Venice 2020 review: The Third War (Giovanni Aloi)

A tense, piercing psychological drama, French Orizzonti entry The Third War premiered at the 2020 Venice Film Festival without causing too many ripples among jurors or critics. Still, it is an extremely accomplished feature debut from director Giovanni Aloi, centered around a single, powerful idea – aiming to examine just how vast the gulf between danger and paranoia really is, and how certain visual signifiers can short circuit our entire understanding of reality. Léo, the central character, is a young recruit (Anthony Bajon has the perfect features to infuse the character with childlike vulnerability) in the French Army just out of basic training and assigned to a unit which patrols the streets of Paris and protects sensitive targets.

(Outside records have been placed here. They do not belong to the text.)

(* Let $Y$ be a conformal Killing vector field of $g$, $\mathcal L_Y g_{\mu\nu}=2\omega(\mathrm{x})g_{\mu\nu}$. Let $(\mathrm{x}(\lambda),n(\lambda))$ be a solution of the Euler–Lagrange equations of $L$, fix $\lambda_0$, and set $W(\lambda)=\int_{\lambda_0}^{\lambda}n(s)\,\omega(\mathrm{x}(s))\,ds$. Then: (i) the non-local quantity $I(\lambda)=Y^\mu p_\mu+m^2W(\lambda)$ is constant along the solution; (ii) the non-local vector field $X=\left(Y^\mu-\frac{\dot{\mathrm{x}}^\mu}{n}W\right)\frac{\partial}{\partial\mathrm{x}^\mu}$, whose first prolongation $\mathrm{pr}^{(1)}X=X+\frac{dX^\mu}{d\lambda}\frac{\partial}{\partial\dot{\mathrm{x}}^\mu}$ is evaluated along the solution (using the equations of motion to eliminate accelerations), satisfies $\mathrm{pr}^{(1)}X(L)=0$, so that $X$ is a (non-local) Noether symmetry with constant surface term whose Noether charge is $I$.
   Context: $(\mathcal M,g)$ is a pseudo-Riemannian manifold. Geodesic system: for a curve $\mathrm{x}^\mu(\lambda)$ and a positive function $n(\lambda)$ (the einbein), $L=\frac{1}{2n}g_{\mu\nu}\dot{\mathrm{x}}^\mu\dot{\mathrm{x}}^\nu-\frac{m^2}{2}n$ with $m$ a constant; its Euler–Lagrange equations are equivalent to $\ddot{\mathrm{x}}^\mu+\Gamma^\mu_{\kappa\lambda}\dot{\mathrm{x}}^\kappa\dot{\mathrm{x}}^\lambda=\dot{\mathrm{x}}^\mu\frac{d}{d\lambda}\ln n$ together with $\frac{1}{n^2}g_{\mu\nu}\dot{\mathrm{x}}^\mu\dot{\mathrm{x}}^\nu+m^2=0$. Momenta: $p_\mu=\frac1n g_{\mu\nu}\dot{\mathrm{x}}^\nu$. *)

theory Defs
  imports "HOL-Analysis.Analysis"
begin

text \<open>We work in a single coordinate chart: points of the manifold are
coordinate vectors in real^'n, the metric is a matrix-valued function g,
and g y $ mu $ nu is the component g_{mu nu}(y).\<close>

definition partial_coord :: "(real^'n \<Rightarrow> 'b::real_normed_vector) \<Rightarrow> real^'n \<Rightarrow> 'n \<Rightarrow> 'b" where
  "partial_coord f y k = frechet_derivative f (at y) (axis k 1)"

definition gform :: "(real^'n \<Rightarrow> real^'n^'n) \<Rightarrow> real^'n \<Rightarrow> real^'n \<Rightarrow> real^'n \<Rightarrow> real" where
  "gform g y u v = (\<Sum>\<mu>\<in>UNIV. \<Sum>\<nu>\<in>UNIV. g y $ \<mu> $ \<nu> * u $ \<mu> * v $ \<nu>)"

definition Lag :: "(real^'n \<Rightarrow> real^'n^'n) \<Rightarrow> real \<Rightarrow> real^'n \<Rightarrow> real^'n \<Rightarrow> real \<Rightarrow> real" where
  "Lag g m y v nn = gform g y v v / (2 * nn) - m\<^sup>2 * nn / 2"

Next to him are Hicham, a towering, more experienced officer whose tales of past military glory might just not be 100% truthful, and team leader Coline, well-respected by her men but overlooked by her superiors, and hiding the kind of secrets the Army would like to believe itself equipped to handle but failing miserably at it.

Italian-born but France-based, Aloi returns time and again to framing the soldiers at odds with their surroundings, suggesting how incongruous they look and yet how normalized they are to us all: operators in full assault gear stationing in streets that can provide them with no conflict, at least in the conventional sense of the word. Despite its firm focus on the psychological conditions of the soldiers, The Third War also objectifies them, visually operating as a sort of reverse shot from the point of view of the public. What do these soldiers see while they wait and scan their surroundings? How do they decode reality and separate what’s true from what’s imagined? Military iconography – weapons, gear, the barracks – is deployed as a rhythmic key that progressively erodes meaning, echoing something like Beau Travail, although Aloi’s scope is of course much narrower and less nuanced than Claire Denis’.

It is also inextricably linked to urban space, like Beau Travail was to the removed, alienating isolation of the Foreign Legion. Paris throbs and pushes against Léo’s skin, capitalizing on the unique current identity of a city on which both terrorism and domestic social unrest have left a mark in recent years. In this context, the military becomes the flipside of the police – the former looking for the invisible, the latter lashing out at the visible. Splicing law and order raises fundamental questions though, and inevitably pits the two against each other with competing visions of what it means to negotiate with the city’s soul. The Third War intuitively and effectively illuminates these issues throughout, and even in a climax which doesn’t quite work structurally and emotionally, it still pays off the main theme by using protests to bring the military and the police face to face.

If the rifle is enough to make the soldier – the ‘petit Famas’ that a girl at a club invokes to defuse Léo’s flirty posturing – then it is perhaps enough to turn civilians into enemies as well. Such persistent, unsolvable tension is lodged in the conscience of contemporary society, and Aloi, with surprising clarity, manages to stare at it long enough to detect just how toxic it might be.